Rodrigo Guesalaga is Senior Lecturer at Cranfield School of Management, Associate Professor at Pontificia Universidad Católica de Chile, and Visiting Professor at Vlerick Business School. Rodrigo obtained a PhD in Marketing at Emory University (Atlanta, USA). His main area of expertise (teaching, research, and consulting) is on marketing strategy, and specifically in sales and key account management, customer metrics, and cross-cultural management.
Rodrigo, you have recently published as co-author the book “Implementing Key Account Management: Designing Customer-Centric Processes for Mutual Growth” can you please tell us how this project came about?
This book was a natural consequence of years of work in the area of Key Account Management (KAM), both for the four coauthors (Javier, Sue, Mark and I) and for the KAM & Strategic Sales Forum at Cranfield University, a research center that brings together companies from different sectors and advances the knowledge on KAM and strategic sales. We had this idea for some time, and we finally decided to pursue this project, which was absolutely interesting and exciting.
We felt that although there were several very good books on KAM in the market, there was a need for a focus on the implementation part, with a very practical approach and the experience of a number of executives, managers, and consultants who supported the contents of the book with insights and examples.
What are the challenges for adopting the key Account Management?

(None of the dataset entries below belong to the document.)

(* Let $G=(V,E)$ be a finite, simple, connected graph which is reflective and locally connected. Then $G$ is distance transitive.
   Context: $d$ is the combinatorial distance. Locally connected: for every vertex $v$ the subgraph induced on the neighbors of $v$ is connected. Distance transitive: for all $x,y,x',y'\in V$ with $d(x,y)=d(x',y')$ there is a graph automorphism $\psi$ with $\psi(x)=x'$ and $\psi(y)=y'$. For adjacent $x\sim y$ let $V_x^y=\{v: d(v,x)<d(v,y)\}$, $V^{xy}=\{v:d(v,x)=d(v,y)\}$. A reflection from $x$ to $y$ is a graph automorphism $\phi$ with $\phi\circ\phi=\mathrm{id}$, $\phi(x)=y$, such that the edges between $V_x^y$ and $V_y^x$ are exactly $\{\{x',\phi(x')\}:x'\in V_x^y\}$ and $\phi$ fixes $V^{xy}$ pointwise. A graph is reflective if every edge admits a reflection. *)

theory Defs
  imports Main
begin

definition simple_graph :: "'a set \<Rightarrow> ('a \<Rightarrow> 'a \<Rightarrow> bool) \<Rightarrow> bool" where
  "simple_graph V E \<longleftrightarrow>
     (\<forall>u w. E u w \<longrightarrow> u \<in> V \<and> w \<in> V) \<and>
     (\<forall>u w. E u w \<longrightarrow> E w u) \<and> (\<forall>u. \<not> E u u)"

text \<open>A vertex set S induces a connected subgraph: any two vertices of S are
joined by a walk inside S (the empty set counts as connected).\<close>
definition induced_connected :: "('a \<Rightarrow> 'a \<Rightarrow> bool) \<Rightarrow> 'a set \<Rightarrow> bool" where
  "induced_connected E S \<longleftrightarrow>
     (\<forall>u\<in>S. \<forall>w\<in>S. (\<lambda>a b. a \<in> S \<and> b \<in> S \<and> E a b)\<^sup>*\<^sup>* u w)"

definition connected_graph :: "'a set \<Rightarrow> ('a \<Rightarrow> 'a \<Rightarrow> bool) \<Rightarrow> bool" where
  "connected_graph V E \<longleftrightarrow> V \<noteq> {} \<and> induced_connected E V"

definition locally_connected :: "'a set \<Rightarrow> ('a \<Rightarrow> 'a \<Rightarrow> bool) \<Rightarrow> bool" where
  "locally_connected V E \<longleftrightarrow> (\<forall>v\<in>V. induced_connected E {u. E v u})"

definition gdist :: "('a \<Rightarrow> 'a \<Rightarrow> bool) \<Rightarrow> 'a \<Rightarrow> 'a \<Rightarrow> nat" where
  "gdist E x y = (LEAST n. (E ^^ n) x y)"

definition graph_aut :: "'a set \<Rightarrow> ('a \<Rightarrow> 'a \<Rightarrow> bool) \<Rightarrow> ('a \<Rightarrow> 'a) \<Rightarrow> bool" where
  "graph_aut V E \<psi> \<longleftrightarrow> bij_betw \<psi> V V \<and> (\<forall>u\<in>V. \<forall>w\<in>V. E (\<psi> u) (\<psi> w) \<longleftrightarrow> E u w)"

definition distance_transitive :: "'a set \<Rightarrow> ('a \<Rightarrow> 'a \<Rightarrow> bool) \<Rightarrow> bool" where
  "distance_transitive V E \<longleftrightarrow>
     (\<forall>x\<in>V. \<forall>y\<in>V. \<forall>x'\<in>V. \<forall>y'\<in>V. gdist E x y = gdist E x' y' \<longrightarrow>
        (\<exists>\<psi>. graph_aut V E \<psi> \<and> \<psi> x = x' \<and> \<psi> y = y'))"

definition closer :: "'a set \<Rightarrow> ('a \<Rightarrow> 'a \<Rightarrow> bool) \<Rightarrow> 'a \<Rightarrow> 'a \<Rightarrow> 'a set" where
  "closer V E x y = {v\<in>V. gdist E v x < gdist E v y}"

definition equidist :: "'a set \<Rightarrow> ('a \<Rightarrow> 'a \<Rightarrow> bool) \<Rightarrow> 'a \<Rightarrow> 'a \<Rightarrow> 'a set" where
  "equidist V E x y = {v\<in>V. gdist E v x = gdist E v y}"

definition is_reflection ::
  "'a set \<Rightarrow> ('a \<Rightarrow> 'a \<Rightarrow> bool) \<Rightarrow> 'a \<Rightarrow> 'a \<Rightarrow> ('a \<Rightarrow> 'a) \<Rightarrow> bool" where
  "is_reflection V E x y \<phi> \<longleftrightarrow>
     graph_aut V E \<phi> \<and> (\<forall>v\<in>V. \<phi> (\<phi> v) = v) \<and> \<phi> x = y \<and>
     {{u, w} | u w. u \<in> closer V E x y \<and> w \<in> closer V E y x \<and> E u w}
       = {{x', \<phi> x'} | x'. x' \<in> closer V E x y} \<and>
     (\<forall>v\<in>equidist V E x y. \<phi> v = v)"

definition reflective :: "'a set \<Rightarrow> ('a \<Rightarrow> 'a \<Rightarrow> bool) \<Rightarrow> bool" where
  "reflective V E \<longleftrightarrow> (\<forall>x y. E x y \<longrightarrow> (\<exists>\<phi>. is_reflection V E x y \<phi>))"

end

theory Submission
  imports Defs
begin

text \<open>Reflections in edges make the automorphism group transitive on vertices, so it
suffices that the stabiliser of a vertex x is transitive on every sphere around x; this
goes by induction on the radius. Let y1, y2 lie at distance j+1 from x and have a common
neighbour z at distance j. If u and u' are adjacent and equidistant from x, the
reflection in the edge u u' fixes x and swaps them, so it suffices to join y1 to y2 by a
path of length at most 2 inside the sphere. If y1 and y2 are not adjacent, the
reflection \<sigma> in the edge z y1 sends y2 to a common neighbour w of y1 and y2.
Reflecting a vertex from the far side of an edge to the near side never increases its
distance from a vertex on the near side, so d(x,y2) \<le> d(x,w). If d(x,w) = j+1 we are
done; otherwise local connectivity at y1 gives a common neighbour u of z, y1 and w.
Then u lies in the sphere and is fixed by \<sigma>, hence adjacent to \<sigma> w = y2.\<close>

locale sgraph =
  fixes V :: "'a set" and E :: "'a \<Rightarrow> 'a \<Rightarrow> bool"
  assumes simple: "simple_graph V E"
begin

abbreviation "d \<equiv> gdist E"
abbreviation "aut \<equiv> graph_aut V E"

lemma adj_in_V: "E u w \<Longrightarrow> u \<in> V \<and> w \<in> V"
  using simple unfolding simple_graph_def by blast
(* Let $G$ be a finite group. Then $G$ is an elementary abelian $3$-group if and only if all of the following hold: (a) for every maximal subgroup $M$ of $G$, the non-trivial cosets of $M$ in $G$ are exactly two sets, and each of them is a maximal sum-free set in $G$; (b) every maximal sum-free set in $G$ is a non-trivial coset of some maximal subgroup of $G$; (c) $\Phi(G)=1$, where $\Phi(G)$ denotes the Frattini subgroup of $G$ (the intersection of all maximal subgroups of $G$).
   Context: A non-empty subset $S$ of a group $G$ is called sum-free if for all $s_1,s_2\in S$ (including the case $s_1=s_2$) one has $s_1s_2\notin S$. A maximal sum-free set in a finite group $G$ means a sum-free set of largest possible cardinality among all sum-free sets in $G$ (maximal by cardinality). A non-trivial coset of a subgroup $H$ is a coset $gH$ with $g\notin H$. *)

theory Defs
  imports "HOL-Algebra.Algebra"
begin

definition sum_free :: "('a, 'b) monoid_scheme \<Rightarrow> 'a set \<Rightarrow> bool" where
  "sum_free G S \<longleftrightarrow> S \<noteq> {} \<and> S \<subseteq> carrier G \<and>
     (\<forall>s1\<in>S. \<forall>s2\<in>S. s1 \<otimes>\<^bsub>G\<^esub> s2 \<notin> S)"

definition max_sum_free :: "('a, 'b) monoid_scheme \<Rightarrow> 'a set \<Rightarrow> bool" where
  "max_sum_free G S \<longleftrightarrow> sum_free G S \<and> (\<forall>T. sum_free G T \<longrightarrow> card T \<le> card S)"

definition maximal_subgroup :: "('a, 'b) monoid_scheme \<Rightarrow> 'a set \<Rightarrow> bool" where
  "maximal_subgroup G M \<longleftrightarrow> subgroup M G \<and> M \<noteq> carrier G \<and>
     (\<forall>H. subgroup H G \<and> M \<subseteq> H \<longrightarrow> H = M \<or> H = carrier G)"

text \<open>Frattini subgroup: intersection of all maximal subgroups (the whole group if there are none).\<close>
definition frattini :: "('a, 'b) monoid_scheme \<Rightarrow> 'a set" where
  "frattini G = carrier G \<inter> \<Inter>{M. maximal_subgroup G M}"

definition nontrivial_cosets :: "('a, 'b) monoid_scheme \<Rightarrow> 'a set \<Rightarrow> 'a set set" where
  "nontrivial_cosets G M = {g <#\<^bsub>G\<^esub> M | g. g \<in> carrier G \<and> g \<notin> M}"

definition elementary_abelian_3_group :: "('a, 'b) monoid_scheme \<Rightarrow> bool" where
  "elementary_abelian_3_group G \<longleftrightarrow> comm_group G \<and>
     (\<forall>x\<in>carrier G. x [^]\<^bsub>G\<^esub> (3::nat) = \<one>\<^bsub>G\<^esub>)"

end

theory Submission
  imports Defs
begin
text \<open>By Parseval, the square integrals of partial sums on tori of radius \<open>r \<rightarrow> 1\<close> are bounded by
  coefficient square sums; by dominated convergence they tend to the volume of the torus, since the
  boundary values are unimodular almost everywhere.\<close>
lemma inner_fun_coeff_sq_sum_gt:
  fixes c :: "('n::finite \<Rightarrow> nat) \<Rightarrow> complex"
  assumes inner: "inner_fun c" and e: "e > 0"
  obtains F where "finite F" "1 - e < (\<Sum>a\<in>F. (cmod (c a))\<^sup>2)"
proof -
  have summ: "\<forall>z\<in>polydisc. (\<lambda>a. c a * monom z a) summable_on UNIV"
    and "\<exists>M. \<forall>z\<in>polydisc. cmod (fn c z) \<le> M"
    and boundary: "AE \<theta> in lborel. \<exists>L. ((\<lambda>r. fn c (r *\<^sub>R torus_pt \<theta>)) \<longlongrightarrow> L) (at_left 1) \<and> cmod L = 1"
    using inner unfolding inner_fun_def Hinf_def by blast+
  then obtain M where M: "\<forall>z\<in>polydisc. cmod (fn c z) \<le> M"
    by blast
  define r where "r k = 1 - 1 / real (Suc k)" for k
  have r: "0 \<le> r k" "r k < 1" for k
    by (auto simp: r_def field_simps)
  have "r \<longlonglongrightarrow> 1"
    unfolding r_def using LIMSEQ_inverse_real_of_nat_add_minus[of 1] by (simp add: inverse_eq_divide)
  then have r_lim: "filterlim r (at_left 1) sequentially"
    using r(2) by (intro tendsto_imp_filterlim_at_left) auto
  have "\<forall>k. \<exists>F. finite F \<and> (\<forall>\<theta>. cmod (fn c (r k *\<^sub>R torus_pt \<theta>)
           - (\<Sum>a\<in>F. c a * monom (r k *\<^sub>R torus_pt \<theta>) a)) \<le> 1 / real (Suc k))"
  proof
    fix k
    obtain F0 where "finite F0" "\<And>F \<theta>. finite F \<Longrightarrow> F0 \<subseteq> F \<Longrightarrow> cmod (fn c (r k *\<^sub>R torus_pt \<theta>)
           - (\<Sum>a\<in>F. c a * monom (r k *\<^sub>R torus_pt \<theta>) a)) \<le> 1 / real (Suc k)"
      using fn_partial_sums_uniform_on_torus[OF summ r[of k], where e = "1 / real (Suc k)"] by auto
    then show "\<exists>F. finite F \<and> (\<forall>\<theta>. cmod (fn c (r k *\<^sub>R torus_pt \<theta>)
           - (\<Sum>a\<in>F. c a * monom (r k *\<^sub>R torus_pt \<theta>) a)) \<le> 1 / real (Suc k))"
      by blast
  qed
  then obtain F where F: "\<And>k. finite (F k)" and approx: "\<And>k \<theta>. cmod (fn c (r k *\<^sub>R torus_pt \<theta>)
           - (\<Sum>a\<in>F k. c a * monom (r k *\<^sub>R torus_pt \<theta>) a)) \<le> 1 / real (Suc k)"
    by (auto dest!: choice)
  define u where "u k a = c a * of_real (r k ^ total_degree a)" for k a
  define g where "g k \<theta> = (\<Sum>a\<in>F k. u k a * monom (torus_pt \<theta>) a)" for k \<theta>
  have g: "g k \<theta> = (\<Sum>a\<in>F k. c a * monom (r k *\<^sub>R torus_pt \<theta>) a)" for k \<theta>
    by (simp add: g_def u_def monom_scaleR mult.assoc)
  have "(\<lambda>k. \<integral>\<theta>. indicator torus_box \<theta> * (cmod (g k \<theta>))\<^sup>2 \<partial>lborel) \<longlonglongrightarrow> (2 * pi) ^ CARD('n)"
  proof (rule integral_torus_box_sq_tendsto)
    show "continuous_on UNIV (g k)" for k
      unfolding g_def by (intro continuous_intros)
    show "cmod (g k \<theta>) \<le> M + 1" for k \<theta>
    proof -
      have "cmod (g k \<theta>) \<le> cmod (fn c (r k *\<^sub>R torus_pt \<theta>)) + cmod (fn c (r k *\<^sub>R torus_pt \<theta>) - g k \<theta>)"
        using norm_triangle_sub[of "g k \<theta>" "fn c (r k *\<^sub>R torus_pt \<theta>)"] by (simp add: norm_minus_commute)
      moreover have "cmod (fn c (r k *\<^sub>R torus_pt \<theta>)) \<le> M"
        using M scaleR_torus_pt_in_polydisc[OF r] by blast
      moreover have "1 / real (Suc k) \<le> 1"
        by simp
      ultimately show ?thesis
        using approx[of k \<theta>] unfolding g by linarith
    qed
    show "AE \<theta> in lborel. \<exists>L. (\<lambda>k. g k \<theta>) \<longlonglongrightarrow> L \<and> cmod L = 1"
      using boundary
    proof eventually_elim
      case (elim \<theta>)
      then obtain L where L: "((\<lambda>r. fn c (r *\<^sub>R torus_pt \<theta>)) \<longlongrightarrow> L) (at_left 1)" "cmod L = 1"
        by blast
      have "(\<lambda>k. fn c (r k *\<^sub>R torus_pt \<theta>)) \<longlonglongrightarrow> L"
        using filterlim_compose[OF L(1) r_lim] by (simp add: o_def)
      moreover have "(\<lambda>k. fn c (r k *\<^sub>R torus_pt \<theta>) - g k \<theta>) \<longlonglongrightarrow> 0"
        using approx unfolding g
        by (intro Lim_null_comparison[OF _ LIMSEQ_inverse_real_of_nat]) (simp add: inverse_eq_divide)
      ultimately have "(\<lambda>k. g k \<theta>) \<longlonglongrightarrow> L"
        using tendsto_diff by fastforce
      then show ?case
        using L(2) by blast
    qed
  qed
  moreover have "(2 * pi) ^ CARD('n) * (1 - e) < (2 * pi) ^ CARD('n)"
    using e by simp
  ultimately have "\<forall>\<^sub>F k in sequentially. (2 * pi) ^ CARD('n) * (1 - e)
                     < (\<integral>\<theta>. indicator torus_box \<theta> * (cmod (g k \<theta>))\<^sup>2 \<partial>lborel)"
    by (rule order_tendstoD(1))
  then obtain k where "(2 * pi) ^ CARD('n) * (1 - e)
                         < (\<integral>\<theta>. indicator torus_box \<theta> * (cmod (g k \<theta>))\<^sup>2 \<partial>lborel)"
    by (meson eventually_sequentially order_refl)
  also have "\<dots> = (2 * pi) ^ CARD('n) * (\<Sum>a\<in>F k. (cmod (u k a))\<^sup>2)"
    unfolding g_def by (rule parseval_torus_box[OF F])
  also have "\<dots> \<le> (2 * pi) ^ CARD('n) * (\<Sum>a\<in>F k. (cmod (c a))\<^sup>2)"
    using r[of k] by (intro mult_left_mono sum_mono power_mono)
      (auto simp: u_def norm_mult norm_power intro!: mult_left_le power_le_one)
  finally show ?thesis
    using F by (intro that) simp_all
qed

section \<open>Multiplication by monomials and the quotient module\<close>

lemma finite_Collect_le_fun: "finite {b :: 'n::finite \<Rightarrow> nat. b \<le> a}"
proof (rule finite_subset)
  show "{b. b \<le> a} \<subseteq> PiE UNIV (\<lambda>i. {..a i})"
    by (auto simp: le_fun_def PiE_def extensional_def)
qed (intro finite_PiE, auto)

lemma conv_mono_coeff: "conv (mono_coeff g) c a = (if g \<le> a then c (\<lambda>j. a j - g j) else 0)"
proof -
  have "conv (mono_coeff g) c a = (\<Sum>b\<in>{b. b \<le> a}. if g = b then c (\<lambda>j. a j - b j) else 0)"
    unfolding conv_def mono_coeff_def by (intro sum.cong) auto
  then show ?thesis
    using finite_Collect_le_fun[of a] by (simp add: sum.delta)
qed

lemma has_sum_sum:
  fixes f :: "'i \<Rightarrow> 'a \<Rightarrow> 'b::topological_comm_monoid_add"
  assumes "finite I" "\<And>i. i \<in> I \<Longrightarrow> (f i has_sum s i) A"
  shows "((\<lambda>x. \<Sum>i\<in>I. f i x) has_sum (\<Sum>i\<in>I. s i)) A"
  using assms
proof (induction I rule: finite_induct)
  case (insert j I)
  then have "(f j has_sum s j) A" "((\<lambda>x. \<Sum>i\<in>I. f i x) has_sum (\<Sum>i\<in>I. s i)) A"
    by simp_all
  then show ?case
    using insert.hyps by (simp add: has_sum_add)
qed simp

lemma has_sum_conv_mono_coeff:
  fixes c :: "('n::finite \<Rightarrow> nat) \<Rightarrow> complex"
  assumes summ: "(\<lambda>a. c a * monom z a) summable_on UNIV"
  shows "((\<lambda>a. conv (mono_coeff g) c a * monom z a) has_sum monom z g * fn c z) UNIV"
proof -
  have "((\<lambda>b. monom z g * (c b * monom z b)) has_sum monom z g * fn c z) UNIV"
    unfolding fn_def by (intro has_sum_cmult_right has_sum_infsum summ)
  moreover have "((\<lambda>a. conv (mono_coeff g) c a * monom z a) has_sum X) {a. g \<le> a}
                  \<longleftrightarrow> ((\<lambda>b. monom z g * (c b * monom z b)) has_sum X) UNIV" for X
  proof (rule has_sum_reindex_bij_witness[where i = "\<lambda>b j. g j + b j" and j = "\<lambda>a j. a j - g j"])
    fix a assume "a \<in> {a. g \<le> a}"
    then have "\<forall>j. g j \<le> a j"
      by (simp add: le_fun_def)
    then show "monom z g * (c (\<lambda>j. a j - g j) * monom z (\<lambda>j. a j - g j)) = conv (mono_coeff g) c a * monom z a"
      unfolding conv_mono_coeff monom_def le_fun_def
      by (simp add: power_add[symmetric] prod.distrib[symmetric] ac_simps)
  qed (auto simp: le_fun_def fun_eq_iff)
  ultimately have "((\<lambda>a. conv (mono_coeff g) c a * monom z a) has_sum monom z g * fn c z) {a. g \<le> a}"
    by blast
  then show ?thesis
    by (rule has_sum_cong_neutral[THEN iffD1, rotated -1]) (auto simp: conv_mono_coeff)
qed

lemma fn_sum_conv_mono_coeff:
  fixes c :: "'i \<Rightarrow> ('n::finite \<Rightarrow> nat) \<Rightarrow> complex"
  assumes I: "finite I" and summ: "\<And>i. i \<in> I \<Longrightarrow> (\<lambda>a. c i a * monom z a) summable_on UNIV"
  shows "fn (\<lambda>a. \<Sum>i\<in>I. w i * conv (mono_coeff (g i)) (c i) a) z
           = (\<Sum>i\<in>I. w i * monom z (g i) * fn (c i) z)"
proof -
  have "((\<lambda>a. \<Sum>i\<in>I. w i * (conv (mono_coeff (g i)) (c i) a * monom z a))
          has_sum (\<Sum>i\<in>I. w i * (monom z (g i) * fn (c i) z))) UNIV"
    using summ by (intro has_sum_sum[OF I] has_sum_cmult_right has_sum_conv_mono_coeff)
  then show ?thesis
    unfolding fn_def by (simp add: infsumI sum_distrib_right mult.assoc)
qed

lemma mono_coeff_0_in_Qmod: "mono_coeff (\<lambda>_. 0) \<in> Qmod"
proof -
  have "(\<lambda>a. (cmod (mono_coeff (\<lambda>_. 0) a))\<^sup>2) summable_on {\<lambda>_. 0}"
    by simp
  then have "(\<lambda>a. (cmod (mono_coeff (\<lambda>_. 0) a))\<^sup>2) summable_on UNIV"
    by (rule summable_on_cong_neutral[THEN iffD1, rotated -1]) (auto simp: mono_coeff_def)
  moreover have "Tz_adj_prod (mono_coeff (\<lambda>_. 0)) = (\<lambda>_. 0)"
    by (auto simp: Tz_adj_prod_def mono_coeff_def fun_eq_iff)
  ultimately show ?thesis
    unfolding Qmod_def H2_def by simp
qed

lemma Toep_mono_coeff_0: "Toep e (mono_coeff (\<lambda>_. 0)) = e"
proof
  fix a
  have "(\<lambda>i. a i - b i) = (\<lambda>_. 0) \<longleftrightarrow> b = a" if "b \<le> a" for b :: "'a \<Rightarrow> nat"
    using that by (auto simp: fun_eq_iff le_fun_def intro: order.antisym)
  then have "Toep e (mono_coeff (\<lambda>_. 0)) a = (\<Sum>b\<in>{b. b \<le> a}. if b = a then e a else 0)"
    unfolding Toep_def conv_def mono_coeff_def by (intro sum.cong refl) auto
  then show "Toep e (mono_coeff (\<lambda>_. 0)) a = e a"
    using finite_Collect_le_fun[of a] by (simp add: sum.delta')
qed

lemma has_lift_imp_coeff_eq:
  assumes "has_lift c"
  obtains d where "d \<in> Schur" "\<And>a. \<not> (\<forall>i. 1 \<le> a i) \<Longrightarrow> d a = c a"
proof -
  obtain d where d: "d \<in> Schur" and "projQ (Toep d (mono_coeff (\<lambda>_. 0))) = projQ (Toep c (mono_coeff (\<lambda>_. 0)))"
    using assms mono_coeff_0_in_Qmod unfolding has_lift_def by blast
  then have "projQ d = projQ c"
    by (simp only: Toep_mono_coeff_0)
  then show ?thesis
    by (intro that[OF d]) (auto simp: projQ_def fun_eq_iff split: if_splits)
qed

section \<open>Coefficients of the symbol\<close>

text \<open>\<open>zeta_exp i\<close> is the exponent of the monomial \<open>\<zeta>\<^sub>i\<close>, the product of all \<open>z\<^sub>j\<close> with
  \<open>j \<noteq> i\<close>, and \<open>zeta_sum w c\<close> is the coefficient family of \<open>\<Sum>\<^sub>i w\<^sub>i \<zeta>\<^sub>i \<phi>\<^sub>i\<close> when \<open>c i\<close> is that
  of \<open>\<phi>\<^sub>i\<close>.\<close>
definition zeta_exp :: "'n \<Rightarrow> 'n \<Rightarrow> nat" where
  "zeta_exp i = (\<lambda>j. if j = i then 0 else 1)"

definition zeta_shift :: "'n \<Rightarrow> ('n \<Rightarrow> nat) \<Rightarrow> 'n \<Rightarrow> nat" where
  "zeta_shift i b = (\<lambda>j. zeta_exp i j + b j)"

definition zeta_sum :: "('n::finite \<Rightarrow> complex) \<Rightarrow> ('n \<Rightarrow> ('n \<Rightarrow> nat) \<Rightarrow> complex) \<Rightarrow> ('n \<Rightarrow> nat) \<Rightarrow> complex"
  where "zeta_sum w c a = (\<Sum>i\<in>UNIV. w i * conv (mono_coeff (zeta_exp i)) (c i) a)"

lemma zeta_shift_self [simp]: "zeta_shift i b i = b i"
  by (simp add: zeta_shift_def zeta_exp_def)

lemma inj_on_zeta_shift: "inj_on (\<lambda>(i, b). zeta_shift i b) (SIGMA i:UNIV. {b. b i = 0})"
proof (rule inj_onI, clarsimp)
  fix i j and b b' :: "'n \<Rightarrow> nat"
  assume b: "b i = 0" "b' j = 0" and eq: "zeta_shift i b = zeta_shift j b'"
  have "zeta_shift i b i = zeta_shift j b' i"
    using eq by simp
  then have "i = j"
    using b by (auto simp: zeta_shift_def zeta_exp_def split: if_splits)
  with eq show "i = j \<and> b = b'"
    by (auto simp: zeta_shift_def fun_eq_iff)
qed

A major challenge in adopting KAM is to be profitable in the long run with key account relationships. And this is driven mostly by the right selection of key accounts, the terms of agreement with these customers, and the supplier’s commitment. A true KAM program requires unique investments in key customers, and an organizational involvement that needs to be supported from the top and throughout the company; therefore, it is not really easy to succeed if the selected customers are not the right ones or if the supplier company is not willing or ready to fully support KAM implementation. We have seen that the customers’ willingness to co-invest in a relationship with the supplier is crucial, so it’s not enough to find that a customer is “big” or “profitable” to select it as a key account. The mutual understanding of how the two companies can grow together and the co-creation of initiatives that brings real value to the relationship are paramount.
What differentiates key account management from simple account management?
Two important aspects distinguish key account management from just account management. First, the selection of key accounts needs to be very well analyzed and really only a few customers should get this status. In the book we propose a methodology to select key accounts, but in a nut shell, key accounts must be those of strategic importance, with which the supplier company has a greater chance of developing and growing business relationships that are profitable to both firms of the dyad. Second, the amount and type of investment in key account relationships differs from that with regular accounts. In KAM, the supplier company strategically decides to invest distinctive resources in each key account, such as dedicated personnel, tailor-made solutions, or a unique technology-based communication system.
What are the main mistakes in the development of customer relationships?
One typical mistake in the process of developing key account relationships is to intend to establish very quickly a series of complex agreements between the two companies, without first building a trusting relationship. As we elaborate in the book, often times a supplier and a buyer start a business relationship in different positions in terms of power and in terms of the kind of relationship they are looking for (from purely transactional to highly relational). Therefore, to achieve a collaborative relationship of mutual dependency requires the two company to engage in interactions and activities that are trust building. Otherwise, a disparity in power can trigger opportunistic behavior from one of the companies, which will threaten the development of mutually successful long-term relationships.
Another mistake is to assume that all key customers follow a very similar buying process and that the factors that determine their experience are also similar. To avoid this mistake, supplier firms need to work on a proper customer journey mapping, to identify the critical touchpoints within the two companies and the specific factors that produce a positive customer experience. Likewise, the customer buying process needs to be analyzed very carefully to make sure the supplier company understand the roles, interests, and other aspects of the decision-making unit.
You have done some research on dynamic capabilities. Can you please explain what are the dynamic capabilities, why are they relevant, which could be an example in the context of key account management?
The idea of dynamic capabilities evolved from resource-based theory, which is an organizational perspective to uncover and develop competitive advantages. A company is conceived as a combination of resources (tangible and intangible) and capabilities; competitive advantages are built on some of these resources and capabilities when they are valuable, rare, difficult to imitate, and supported by the organization. Capabilities can be either operational or dynamic. In the context of KAM, an example of an operational capability is the selection of key customers; a dynamic capability could be the timely gathering and analysis of market information which allows the selection of key accounts to be more effective and efficient. Therefore, dynamic capabilities support the development of resources and operational capabilities to make a competitive advantage sustained.